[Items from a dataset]
------
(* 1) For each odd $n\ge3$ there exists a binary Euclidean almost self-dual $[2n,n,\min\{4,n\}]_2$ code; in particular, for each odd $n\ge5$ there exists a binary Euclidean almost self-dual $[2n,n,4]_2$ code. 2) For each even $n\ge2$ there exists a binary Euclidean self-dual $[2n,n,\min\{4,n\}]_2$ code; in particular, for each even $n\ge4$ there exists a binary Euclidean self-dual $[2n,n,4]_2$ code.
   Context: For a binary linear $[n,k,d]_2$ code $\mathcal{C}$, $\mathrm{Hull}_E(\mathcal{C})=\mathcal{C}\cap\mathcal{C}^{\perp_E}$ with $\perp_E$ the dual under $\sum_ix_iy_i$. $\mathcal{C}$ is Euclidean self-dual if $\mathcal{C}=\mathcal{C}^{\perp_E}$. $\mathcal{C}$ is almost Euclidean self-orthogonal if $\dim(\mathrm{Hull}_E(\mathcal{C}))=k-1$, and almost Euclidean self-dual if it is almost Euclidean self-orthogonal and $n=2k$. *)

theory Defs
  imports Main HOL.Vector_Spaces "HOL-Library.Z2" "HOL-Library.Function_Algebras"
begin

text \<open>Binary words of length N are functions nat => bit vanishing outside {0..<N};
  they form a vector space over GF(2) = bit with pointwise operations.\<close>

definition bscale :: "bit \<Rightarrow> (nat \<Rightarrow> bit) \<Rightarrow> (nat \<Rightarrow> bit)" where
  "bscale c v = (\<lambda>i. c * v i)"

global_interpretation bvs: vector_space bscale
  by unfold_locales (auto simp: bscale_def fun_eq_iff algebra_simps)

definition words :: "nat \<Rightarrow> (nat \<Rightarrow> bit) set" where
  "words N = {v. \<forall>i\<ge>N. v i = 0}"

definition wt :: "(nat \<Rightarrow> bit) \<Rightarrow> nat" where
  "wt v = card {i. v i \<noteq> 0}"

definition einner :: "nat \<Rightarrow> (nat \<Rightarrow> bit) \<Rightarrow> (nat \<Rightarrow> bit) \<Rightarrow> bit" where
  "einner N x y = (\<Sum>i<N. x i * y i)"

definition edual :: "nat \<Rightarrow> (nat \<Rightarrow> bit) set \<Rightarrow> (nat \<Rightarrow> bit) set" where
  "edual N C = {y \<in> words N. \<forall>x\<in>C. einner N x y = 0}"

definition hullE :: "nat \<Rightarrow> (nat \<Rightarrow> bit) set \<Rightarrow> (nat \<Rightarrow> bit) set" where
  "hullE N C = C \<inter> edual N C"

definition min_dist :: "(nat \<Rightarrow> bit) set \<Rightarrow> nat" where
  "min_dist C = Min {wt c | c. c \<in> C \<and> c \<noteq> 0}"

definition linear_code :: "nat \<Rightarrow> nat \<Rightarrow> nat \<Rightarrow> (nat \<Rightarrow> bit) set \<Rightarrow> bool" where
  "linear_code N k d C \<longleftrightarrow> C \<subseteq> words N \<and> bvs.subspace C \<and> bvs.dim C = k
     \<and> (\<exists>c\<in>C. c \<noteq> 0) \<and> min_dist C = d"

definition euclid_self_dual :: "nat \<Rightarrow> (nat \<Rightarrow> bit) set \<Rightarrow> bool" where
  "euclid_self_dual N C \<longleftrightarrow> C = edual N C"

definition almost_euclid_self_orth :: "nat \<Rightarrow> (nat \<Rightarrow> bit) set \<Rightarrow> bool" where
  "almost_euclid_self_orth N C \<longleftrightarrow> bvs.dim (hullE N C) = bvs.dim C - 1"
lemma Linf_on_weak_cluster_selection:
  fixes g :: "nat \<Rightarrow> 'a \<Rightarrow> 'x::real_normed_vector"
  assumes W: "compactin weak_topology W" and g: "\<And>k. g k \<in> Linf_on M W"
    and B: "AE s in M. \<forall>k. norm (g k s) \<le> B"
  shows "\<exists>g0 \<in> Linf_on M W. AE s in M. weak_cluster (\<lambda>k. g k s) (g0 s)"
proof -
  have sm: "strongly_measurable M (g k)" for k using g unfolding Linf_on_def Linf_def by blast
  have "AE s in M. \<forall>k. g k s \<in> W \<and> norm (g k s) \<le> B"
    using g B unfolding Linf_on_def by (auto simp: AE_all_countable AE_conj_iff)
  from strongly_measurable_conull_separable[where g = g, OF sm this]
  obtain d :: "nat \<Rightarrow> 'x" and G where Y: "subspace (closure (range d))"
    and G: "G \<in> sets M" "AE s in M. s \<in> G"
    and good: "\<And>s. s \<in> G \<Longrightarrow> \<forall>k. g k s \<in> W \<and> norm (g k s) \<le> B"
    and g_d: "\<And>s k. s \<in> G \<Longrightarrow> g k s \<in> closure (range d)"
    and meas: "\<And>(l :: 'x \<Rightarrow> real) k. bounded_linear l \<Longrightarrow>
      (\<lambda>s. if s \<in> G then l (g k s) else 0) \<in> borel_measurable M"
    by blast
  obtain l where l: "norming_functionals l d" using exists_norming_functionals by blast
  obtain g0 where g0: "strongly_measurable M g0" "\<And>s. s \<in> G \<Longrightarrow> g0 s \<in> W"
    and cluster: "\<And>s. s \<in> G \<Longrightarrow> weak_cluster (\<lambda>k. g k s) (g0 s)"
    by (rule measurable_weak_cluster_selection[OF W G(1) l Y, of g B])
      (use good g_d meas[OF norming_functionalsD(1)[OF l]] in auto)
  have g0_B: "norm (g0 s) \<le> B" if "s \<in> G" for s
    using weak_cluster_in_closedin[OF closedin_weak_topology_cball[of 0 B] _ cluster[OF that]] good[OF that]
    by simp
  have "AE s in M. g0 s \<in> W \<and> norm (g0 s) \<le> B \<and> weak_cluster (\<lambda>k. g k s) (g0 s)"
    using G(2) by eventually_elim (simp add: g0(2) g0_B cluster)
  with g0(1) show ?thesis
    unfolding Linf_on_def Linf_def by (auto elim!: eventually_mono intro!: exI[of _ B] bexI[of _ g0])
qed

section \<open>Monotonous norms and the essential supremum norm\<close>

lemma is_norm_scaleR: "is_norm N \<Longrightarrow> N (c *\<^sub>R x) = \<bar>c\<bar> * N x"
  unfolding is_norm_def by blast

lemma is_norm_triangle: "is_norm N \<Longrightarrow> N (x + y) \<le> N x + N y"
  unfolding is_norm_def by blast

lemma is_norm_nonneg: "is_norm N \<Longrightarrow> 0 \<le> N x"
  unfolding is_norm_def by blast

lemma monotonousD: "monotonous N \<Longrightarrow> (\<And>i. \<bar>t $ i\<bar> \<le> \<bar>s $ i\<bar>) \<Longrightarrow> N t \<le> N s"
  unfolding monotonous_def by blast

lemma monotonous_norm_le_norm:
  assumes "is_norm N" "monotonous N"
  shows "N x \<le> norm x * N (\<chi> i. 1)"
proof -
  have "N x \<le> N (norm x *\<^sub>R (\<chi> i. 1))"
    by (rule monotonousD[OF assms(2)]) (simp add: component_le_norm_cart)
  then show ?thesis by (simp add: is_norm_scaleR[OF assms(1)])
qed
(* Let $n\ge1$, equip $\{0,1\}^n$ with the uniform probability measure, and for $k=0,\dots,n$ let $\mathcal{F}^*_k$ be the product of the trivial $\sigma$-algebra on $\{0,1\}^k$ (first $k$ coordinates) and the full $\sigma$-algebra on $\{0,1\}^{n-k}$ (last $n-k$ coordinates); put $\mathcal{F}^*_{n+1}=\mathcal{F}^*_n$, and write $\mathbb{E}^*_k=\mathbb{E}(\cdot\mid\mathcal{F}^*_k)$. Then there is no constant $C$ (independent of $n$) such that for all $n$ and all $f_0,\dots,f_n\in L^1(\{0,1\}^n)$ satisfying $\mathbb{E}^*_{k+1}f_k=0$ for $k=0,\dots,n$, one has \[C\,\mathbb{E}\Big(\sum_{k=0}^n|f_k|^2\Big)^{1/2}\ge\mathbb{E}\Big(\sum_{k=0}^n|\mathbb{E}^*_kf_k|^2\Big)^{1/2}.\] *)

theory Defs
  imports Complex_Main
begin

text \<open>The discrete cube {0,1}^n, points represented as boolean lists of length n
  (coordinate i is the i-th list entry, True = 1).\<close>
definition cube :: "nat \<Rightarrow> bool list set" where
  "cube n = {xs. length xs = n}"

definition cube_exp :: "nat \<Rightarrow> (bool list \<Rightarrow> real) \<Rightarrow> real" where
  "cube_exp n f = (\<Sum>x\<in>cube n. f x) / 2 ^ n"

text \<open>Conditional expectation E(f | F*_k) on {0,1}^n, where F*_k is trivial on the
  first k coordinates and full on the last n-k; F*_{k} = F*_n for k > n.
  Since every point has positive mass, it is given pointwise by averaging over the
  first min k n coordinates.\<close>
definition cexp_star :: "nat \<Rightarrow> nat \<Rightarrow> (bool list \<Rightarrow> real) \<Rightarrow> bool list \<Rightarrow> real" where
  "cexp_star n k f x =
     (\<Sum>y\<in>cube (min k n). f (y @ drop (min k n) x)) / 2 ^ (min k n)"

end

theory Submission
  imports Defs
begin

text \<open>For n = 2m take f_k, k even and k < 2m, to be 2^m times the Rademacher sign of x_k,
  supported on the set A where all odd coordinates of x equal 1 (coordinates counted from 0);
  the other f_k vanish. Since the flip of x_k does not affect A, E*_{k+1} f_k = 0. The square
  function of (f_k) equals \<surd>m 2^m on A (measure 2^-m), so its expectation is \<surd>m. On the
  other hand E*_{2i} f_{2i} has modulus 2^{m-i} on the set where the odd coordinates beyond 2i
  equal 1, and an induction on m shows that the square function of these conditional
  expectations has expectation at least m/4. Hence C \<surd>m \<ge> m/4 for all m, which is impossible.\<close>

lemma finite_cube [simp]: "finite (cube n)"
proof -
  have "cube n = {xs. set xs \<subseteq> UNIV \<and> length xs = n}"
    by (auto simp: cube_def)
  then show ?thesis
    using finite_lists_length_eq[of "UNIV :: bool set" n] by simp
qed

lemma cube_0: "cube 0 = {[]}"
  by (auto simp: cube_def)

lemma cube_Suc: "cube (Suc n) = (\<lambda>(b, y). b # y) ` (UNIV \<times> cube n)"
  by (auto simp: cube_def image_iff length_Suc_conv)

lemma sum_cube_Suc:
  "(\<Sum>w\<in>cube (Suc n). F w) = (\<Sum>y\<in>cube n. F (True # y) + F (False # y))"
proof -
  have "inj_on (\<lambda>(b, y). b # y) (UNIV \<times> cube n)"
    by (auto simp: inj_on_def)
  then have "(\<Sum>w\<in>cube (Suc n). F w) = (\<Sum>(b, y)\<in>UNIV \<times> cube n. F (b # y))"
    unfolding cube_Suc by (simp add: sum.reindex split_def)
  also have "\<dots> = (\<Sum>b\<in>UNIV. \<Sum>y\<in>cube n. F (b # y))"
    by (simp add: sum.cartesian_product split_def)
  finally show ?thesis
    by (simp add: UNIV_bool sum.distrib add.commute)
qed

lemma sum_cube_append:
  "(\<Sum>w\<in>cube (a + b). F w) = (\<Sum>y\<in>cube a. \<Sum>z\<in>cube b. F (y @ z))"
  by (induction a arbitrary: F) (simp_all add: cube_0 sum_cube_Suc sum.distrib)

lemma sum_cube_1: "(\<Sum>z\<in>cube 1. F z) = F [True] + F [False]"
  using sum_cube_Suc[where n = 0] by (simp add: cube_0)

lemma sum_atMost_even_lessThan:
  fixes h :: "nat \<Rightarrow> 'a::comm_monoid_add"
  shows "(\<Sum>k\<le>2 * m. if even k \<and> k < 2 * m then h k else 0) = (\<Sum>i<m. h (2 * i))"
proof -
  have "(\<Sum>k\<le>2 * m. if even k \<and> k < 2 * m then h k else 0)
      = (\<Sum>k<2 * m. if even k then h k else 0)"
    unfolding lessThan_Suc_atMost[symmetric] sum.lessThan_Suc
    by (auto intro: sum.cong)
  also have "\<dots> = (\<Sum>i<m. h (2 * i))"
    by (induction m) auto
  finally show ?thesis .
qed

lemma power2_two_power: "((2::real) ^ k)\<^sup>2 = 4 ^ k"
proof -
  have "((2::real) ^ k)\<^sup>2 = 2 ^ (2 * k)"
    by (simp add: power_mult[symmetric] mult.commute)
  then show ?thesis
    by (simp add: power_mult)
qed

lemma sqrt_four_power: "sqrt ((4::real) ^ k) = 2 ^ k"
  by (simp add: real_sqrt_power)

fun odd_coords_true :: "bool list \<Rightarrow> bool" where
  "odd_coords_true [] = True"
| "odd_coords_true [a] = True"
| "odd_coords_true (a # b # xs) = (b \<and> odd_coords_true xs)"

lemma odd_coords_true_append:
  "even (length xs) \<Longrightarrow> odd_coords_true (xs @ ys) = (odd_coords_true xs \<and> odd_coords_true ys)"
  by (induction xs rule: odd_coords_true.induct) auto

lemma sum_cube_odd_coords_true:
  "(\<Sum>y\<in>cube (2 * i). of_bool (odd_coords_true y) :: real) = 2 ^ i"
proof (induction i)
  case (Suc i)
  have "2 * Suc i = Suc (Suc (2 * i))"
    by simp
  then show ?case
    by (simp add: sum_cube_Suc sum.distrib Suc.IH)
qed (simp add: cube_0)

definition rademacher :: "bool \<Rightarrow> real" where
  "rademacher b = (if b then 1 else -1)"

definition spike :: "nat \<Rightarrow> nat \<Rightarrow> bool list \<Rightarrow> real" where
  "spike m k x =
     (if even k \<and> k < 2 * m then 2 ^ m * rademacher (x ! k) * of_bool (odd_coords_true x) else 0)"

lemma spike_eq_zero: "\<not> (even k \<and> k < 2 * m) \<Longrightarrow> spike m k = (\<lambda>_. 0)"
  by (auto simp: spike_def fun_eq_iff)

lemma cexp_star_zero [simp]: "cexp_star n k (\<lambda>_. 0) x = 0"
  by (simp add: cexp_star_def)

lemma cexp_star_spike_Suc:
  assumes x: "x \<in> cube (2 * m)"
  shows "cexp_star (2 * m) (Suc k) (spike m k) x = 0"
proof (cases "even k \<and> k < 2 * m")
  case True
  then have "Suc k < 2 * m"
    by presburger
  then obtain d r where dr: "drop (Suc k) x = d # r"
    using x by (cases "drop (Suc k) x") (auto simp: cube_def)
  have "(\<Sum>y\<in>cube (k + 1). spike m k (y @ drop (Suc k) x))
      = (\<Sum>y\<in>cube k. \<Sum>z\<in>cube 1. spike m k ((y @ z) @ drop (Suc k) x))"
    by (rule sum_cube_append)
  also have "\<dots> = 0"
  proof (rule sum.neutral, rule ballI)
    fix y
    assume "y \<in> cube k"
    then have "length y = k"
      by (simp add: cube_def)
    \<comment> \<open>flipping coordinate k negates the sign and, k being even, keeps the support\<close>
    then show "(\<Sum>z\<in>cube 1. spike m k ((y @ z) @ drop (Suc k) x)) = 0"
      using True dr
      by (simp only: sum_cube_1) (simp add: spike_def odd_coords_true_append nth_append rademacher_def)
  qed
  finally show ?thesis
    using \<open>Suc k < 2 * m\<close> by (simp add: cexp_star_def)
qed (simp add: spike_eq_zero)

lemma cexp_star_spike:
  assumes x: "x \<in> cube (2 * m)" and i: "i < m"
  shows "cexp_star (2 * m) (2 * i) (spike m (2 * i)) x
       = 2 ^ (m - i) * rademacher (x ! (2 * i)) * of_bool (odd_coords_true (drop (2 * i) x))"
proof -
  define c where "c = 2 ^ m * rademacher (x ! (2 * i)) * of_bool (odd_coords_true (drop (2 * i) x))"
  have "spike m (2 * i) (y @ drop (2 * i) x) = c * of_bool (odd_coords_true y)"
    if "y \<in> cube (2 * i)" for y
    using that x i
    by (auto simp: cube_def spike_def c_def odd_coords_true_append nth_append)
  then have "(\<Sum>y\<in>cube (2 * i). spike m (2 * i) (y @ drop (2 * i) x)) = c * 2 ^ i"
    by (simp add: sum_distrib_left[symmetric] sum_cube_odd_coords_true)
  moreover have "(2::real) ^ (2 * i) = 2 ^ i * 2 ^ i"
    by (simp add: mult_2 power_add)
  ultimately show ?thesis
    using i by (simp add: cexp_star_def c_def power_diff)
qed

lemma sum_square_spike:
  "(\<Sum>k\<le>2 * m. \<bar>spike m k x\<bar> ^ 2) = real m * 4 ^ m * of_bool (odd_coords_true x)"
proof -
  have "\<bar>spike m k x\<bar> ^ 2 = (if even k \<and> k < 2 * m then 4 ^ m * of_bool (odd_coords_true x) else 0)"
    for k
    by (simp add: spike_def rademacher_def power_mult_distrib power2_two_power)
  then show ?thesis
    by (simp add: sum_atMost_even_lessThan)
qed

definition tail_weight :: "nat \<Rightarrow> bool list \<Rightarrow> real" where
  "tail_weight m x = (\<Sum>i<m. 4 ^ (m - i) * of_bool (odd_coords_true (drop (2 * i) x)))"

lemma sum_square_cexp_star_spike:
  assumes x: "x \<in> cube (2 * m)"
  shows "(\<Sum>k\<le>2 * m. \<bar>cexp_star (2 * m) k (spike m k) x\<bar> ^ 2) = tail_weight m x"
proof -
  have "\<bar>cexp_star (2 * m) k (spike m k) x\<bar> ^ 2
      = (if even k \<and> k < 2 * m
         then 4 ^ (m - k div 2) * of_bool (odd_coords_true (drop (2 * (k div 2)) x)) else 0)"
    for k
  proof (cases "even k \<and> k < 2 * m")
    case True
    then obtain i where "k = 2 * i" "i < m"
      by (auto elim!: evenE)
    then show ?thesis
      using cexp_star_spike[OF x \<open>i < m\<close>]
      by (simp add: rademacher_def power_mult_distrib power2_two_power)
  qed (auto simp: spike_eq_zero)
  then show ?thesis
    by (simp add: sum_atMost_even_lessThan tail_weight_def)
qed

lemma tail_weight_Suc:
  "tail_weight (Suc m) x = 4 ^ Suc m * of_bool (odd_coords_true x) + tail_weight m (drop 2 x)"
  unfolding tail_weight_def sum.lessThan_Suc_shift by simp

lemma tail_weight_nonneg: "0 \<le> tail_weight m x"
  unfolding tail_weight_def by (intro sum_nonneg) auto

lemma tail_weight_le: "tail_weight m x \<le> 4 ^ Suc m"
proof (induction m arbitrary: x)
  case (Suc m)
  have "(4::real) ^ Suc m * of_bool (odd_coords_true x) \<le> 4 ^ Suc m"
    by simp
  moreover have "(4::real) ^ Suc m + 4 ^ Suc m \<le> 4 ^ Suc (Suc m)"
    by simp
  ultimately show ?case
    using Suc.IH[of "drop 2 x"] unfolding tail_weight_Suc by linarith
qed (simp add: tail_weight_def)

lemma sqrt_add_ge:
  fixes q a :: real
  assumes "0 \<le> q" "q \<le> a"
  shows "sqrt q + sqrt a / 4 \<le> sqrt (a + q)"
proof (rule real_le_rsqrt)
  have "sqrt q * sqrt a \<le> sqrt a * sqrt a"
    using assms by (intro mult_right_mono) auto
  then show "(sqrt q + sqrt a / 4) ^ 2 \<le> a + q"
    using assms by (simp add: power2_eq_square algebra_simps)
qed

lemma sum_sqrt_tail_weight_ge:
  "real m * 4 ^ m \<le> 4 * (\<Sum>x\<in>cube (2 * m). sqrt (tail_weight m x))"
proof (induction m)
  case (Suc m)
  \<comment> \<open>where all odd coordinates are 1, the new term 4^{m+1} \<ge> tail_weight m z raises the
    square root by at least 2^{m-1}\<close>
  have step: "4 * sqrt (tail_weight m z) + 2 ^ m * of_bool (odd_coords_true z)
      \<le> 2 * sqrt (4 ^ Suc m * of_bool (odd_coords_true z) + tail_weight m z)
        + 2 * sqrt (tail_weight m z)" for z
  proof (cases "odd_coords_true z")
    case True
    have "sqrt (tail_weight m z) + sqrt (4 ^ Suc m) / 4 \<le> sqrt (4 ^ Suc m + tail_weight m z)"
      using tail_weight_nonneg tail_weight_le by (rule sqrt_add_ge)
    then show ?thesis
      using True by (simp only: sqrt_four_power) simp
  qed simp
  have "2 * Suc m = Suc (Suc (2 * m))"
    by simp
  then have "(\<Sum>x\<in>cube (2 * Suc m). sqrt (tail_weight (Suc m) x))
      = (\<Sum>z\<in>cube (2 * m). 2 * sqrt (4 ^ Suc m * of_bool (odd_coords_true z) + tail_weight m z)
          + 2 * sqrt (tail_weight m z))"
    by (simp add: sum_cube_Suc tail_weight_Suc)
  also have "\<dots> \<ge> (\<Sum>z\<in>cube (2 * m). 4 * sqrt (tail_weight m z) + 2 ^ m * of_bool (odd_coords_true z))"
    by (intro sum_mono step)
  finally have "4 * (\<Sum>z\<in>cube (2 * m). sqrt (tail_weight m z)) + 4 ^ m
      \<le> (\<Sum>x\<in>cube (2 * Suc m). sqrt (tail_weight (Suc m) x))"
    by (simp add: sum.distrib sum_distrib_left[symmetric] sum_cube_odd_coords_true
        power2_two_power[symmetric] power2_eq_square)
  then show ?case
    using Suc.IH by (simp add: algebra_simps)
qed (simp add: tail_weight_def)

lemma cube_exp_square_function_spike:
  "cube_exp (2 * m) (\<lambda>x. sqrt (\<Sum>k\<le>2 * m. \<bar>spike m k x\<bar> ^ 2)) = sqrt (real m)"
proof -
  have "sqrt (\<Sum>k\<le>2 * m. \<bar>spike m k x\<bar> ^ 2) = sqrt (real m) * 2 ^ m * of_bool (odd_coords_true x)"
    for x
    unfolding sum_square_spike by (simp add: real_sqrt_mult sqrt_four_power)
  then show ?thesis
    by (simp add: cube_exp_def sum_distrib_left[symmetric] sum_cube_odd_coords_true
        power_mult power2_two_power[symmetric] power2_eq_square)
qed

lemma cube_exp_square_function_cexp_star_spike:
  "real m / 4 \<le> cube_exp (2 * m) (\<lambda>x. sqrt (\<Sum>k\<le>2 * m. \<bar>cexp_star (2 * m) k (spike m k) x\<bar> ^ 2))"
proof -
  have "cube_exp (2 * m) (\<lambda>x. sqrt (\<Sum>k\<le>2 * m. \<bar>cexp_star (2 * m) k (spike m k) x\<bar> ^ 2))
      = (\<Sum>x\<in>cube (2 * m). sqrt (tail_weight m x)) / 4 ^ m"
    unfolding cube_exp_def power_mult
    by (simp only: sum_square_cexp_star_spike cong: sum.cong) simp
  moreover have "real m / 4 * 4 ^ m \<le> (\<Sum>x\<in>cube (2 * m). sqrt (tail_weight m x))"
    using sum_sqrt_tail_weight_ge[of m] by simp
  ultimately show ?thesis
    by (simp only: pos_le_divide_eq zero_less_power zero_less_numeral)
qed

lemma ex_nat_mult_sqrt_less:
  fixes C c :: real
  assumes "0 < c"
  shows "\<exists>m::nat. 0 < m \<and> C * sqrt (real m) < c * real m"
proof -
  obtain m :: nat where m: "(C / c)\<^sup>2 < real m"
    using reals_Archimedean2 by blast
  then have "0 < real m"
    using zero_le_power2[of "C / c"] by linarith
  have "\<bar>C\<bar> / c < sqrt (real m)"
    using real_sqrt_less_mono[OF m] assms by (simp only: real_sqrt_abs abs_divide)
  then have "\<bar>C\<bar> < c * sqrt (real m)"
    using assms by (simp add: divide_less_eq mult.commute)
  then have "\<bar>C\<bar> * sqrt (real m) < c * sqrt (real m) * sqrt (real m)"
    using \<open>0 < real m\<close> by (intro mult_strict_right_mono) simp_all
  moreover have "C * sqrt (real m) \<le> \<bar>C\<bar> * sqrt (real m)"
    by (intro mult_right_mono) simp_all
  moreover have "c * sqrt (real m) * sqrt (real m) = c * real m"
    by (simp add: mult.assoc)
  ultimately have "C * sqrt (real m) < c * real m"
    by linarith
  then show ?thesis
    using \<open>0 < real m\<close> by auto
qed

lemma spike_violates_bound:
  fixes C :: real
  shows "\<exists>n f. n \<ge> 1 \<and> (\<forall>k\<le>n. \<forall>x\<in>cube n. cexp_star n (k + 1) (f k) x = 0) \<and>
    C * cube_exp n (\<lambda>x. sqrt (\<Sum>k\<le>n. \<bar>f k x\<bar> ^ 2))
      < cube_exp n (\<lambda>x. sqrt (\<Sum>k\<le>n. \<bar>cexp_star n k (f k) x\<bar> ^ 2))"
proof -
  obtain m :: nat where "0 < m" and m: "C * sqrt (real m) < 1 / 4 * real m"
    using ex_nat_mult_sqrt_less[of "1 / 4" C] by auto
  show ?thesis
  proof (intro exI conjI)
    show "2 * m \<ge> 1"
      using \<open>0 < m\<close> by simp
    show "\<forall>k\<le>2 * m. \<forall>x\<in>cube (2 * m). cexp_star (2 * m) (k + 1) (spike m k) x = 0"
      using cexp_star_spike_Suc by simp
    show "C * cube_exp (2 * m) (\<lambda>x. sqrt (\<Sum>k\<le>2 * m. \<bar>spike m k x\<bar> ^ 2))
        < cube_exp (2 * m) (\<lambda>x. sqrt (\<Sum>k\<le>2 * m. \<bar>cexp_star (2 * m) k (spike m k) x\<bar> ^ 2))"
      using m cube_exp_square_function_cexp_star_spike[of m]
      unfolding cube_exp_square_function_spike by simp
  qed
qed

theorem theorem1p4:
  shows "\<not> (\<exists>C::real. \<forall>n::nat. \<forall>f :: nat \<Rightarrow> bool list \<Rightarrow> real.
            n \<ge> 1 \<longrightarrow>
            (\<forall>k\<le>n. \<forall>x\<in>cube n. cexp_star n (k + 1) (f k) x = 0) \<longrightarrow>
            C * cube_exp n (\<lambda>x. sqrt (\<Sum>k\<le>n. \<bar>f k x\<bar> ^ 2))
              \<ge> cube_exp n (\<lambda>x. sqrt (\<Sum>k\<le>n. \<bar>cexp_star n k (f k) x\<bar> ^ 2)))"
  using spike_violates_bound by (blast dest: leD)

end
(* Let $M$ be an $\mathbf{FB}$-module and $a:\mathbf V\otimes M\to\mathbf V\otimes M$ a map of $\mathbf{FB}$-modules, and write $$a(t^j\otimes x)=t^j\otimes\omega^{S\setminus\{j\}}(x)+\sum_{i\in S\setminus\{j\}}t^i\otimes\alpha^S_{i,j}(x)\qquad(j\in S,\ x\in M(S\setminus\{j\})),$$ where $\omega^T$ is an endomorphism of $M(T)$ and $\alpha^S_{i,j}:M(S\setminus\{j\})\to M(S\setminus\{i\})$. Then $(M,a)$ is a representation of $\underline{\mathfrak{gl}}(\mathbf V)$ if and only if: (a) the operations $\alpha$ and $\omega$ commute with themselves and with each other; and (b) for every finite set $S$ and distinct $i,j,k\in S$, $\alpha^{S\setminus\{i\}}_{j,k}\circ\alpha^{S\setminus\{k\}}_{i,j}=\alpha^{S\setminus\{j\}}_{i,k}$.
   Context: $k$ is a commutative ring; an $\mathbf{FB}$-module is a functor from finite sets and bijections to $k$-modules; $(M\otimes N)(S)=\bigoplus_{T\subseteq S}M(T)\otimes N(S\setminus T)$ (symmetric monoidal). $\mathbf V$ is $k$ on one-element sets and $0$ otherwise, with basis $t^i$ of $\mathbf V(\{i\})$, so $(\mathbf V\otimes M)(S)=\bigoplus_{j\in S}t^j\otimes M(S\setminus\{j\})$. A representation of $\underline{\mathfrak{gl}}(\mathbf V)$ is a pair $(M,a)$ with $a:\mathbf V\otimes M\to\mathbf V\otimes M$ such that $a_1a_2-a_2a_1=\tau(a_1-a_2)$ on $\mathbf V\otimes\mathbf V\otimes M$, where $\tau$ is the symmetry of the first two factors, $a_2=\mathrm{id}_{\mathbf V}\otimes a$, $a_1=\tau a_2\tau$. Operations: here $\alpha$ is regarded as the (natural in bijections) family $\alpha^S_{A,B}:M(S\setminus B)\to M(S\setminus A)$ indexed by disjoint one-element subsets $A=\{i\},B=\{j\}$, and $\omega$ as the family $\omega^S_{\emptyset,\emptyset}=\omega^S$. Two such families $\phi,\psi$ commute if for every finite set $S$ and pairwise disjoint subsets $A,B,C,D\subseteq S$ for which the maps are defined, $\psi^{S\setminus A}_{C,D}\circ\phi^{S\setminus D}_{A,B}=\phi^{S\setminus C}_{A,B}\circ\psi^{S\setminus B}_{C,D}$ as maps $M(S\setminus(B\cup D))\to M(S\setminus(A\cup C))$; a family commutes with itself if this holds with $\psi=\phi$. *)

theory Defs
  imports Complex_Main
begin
------
### What you will do
Return, from the data, each line that has the word "False" in it.

### Written response
  "(\<Sum>w\<in>cube (Suc n). F w) = (\<Sum>y\<in>cube n. F (True # y) + F (False # y))"
lemma sum_cube_1: "(\<Sum>z\<in>cube 1. F z) = F [True] + F [False]"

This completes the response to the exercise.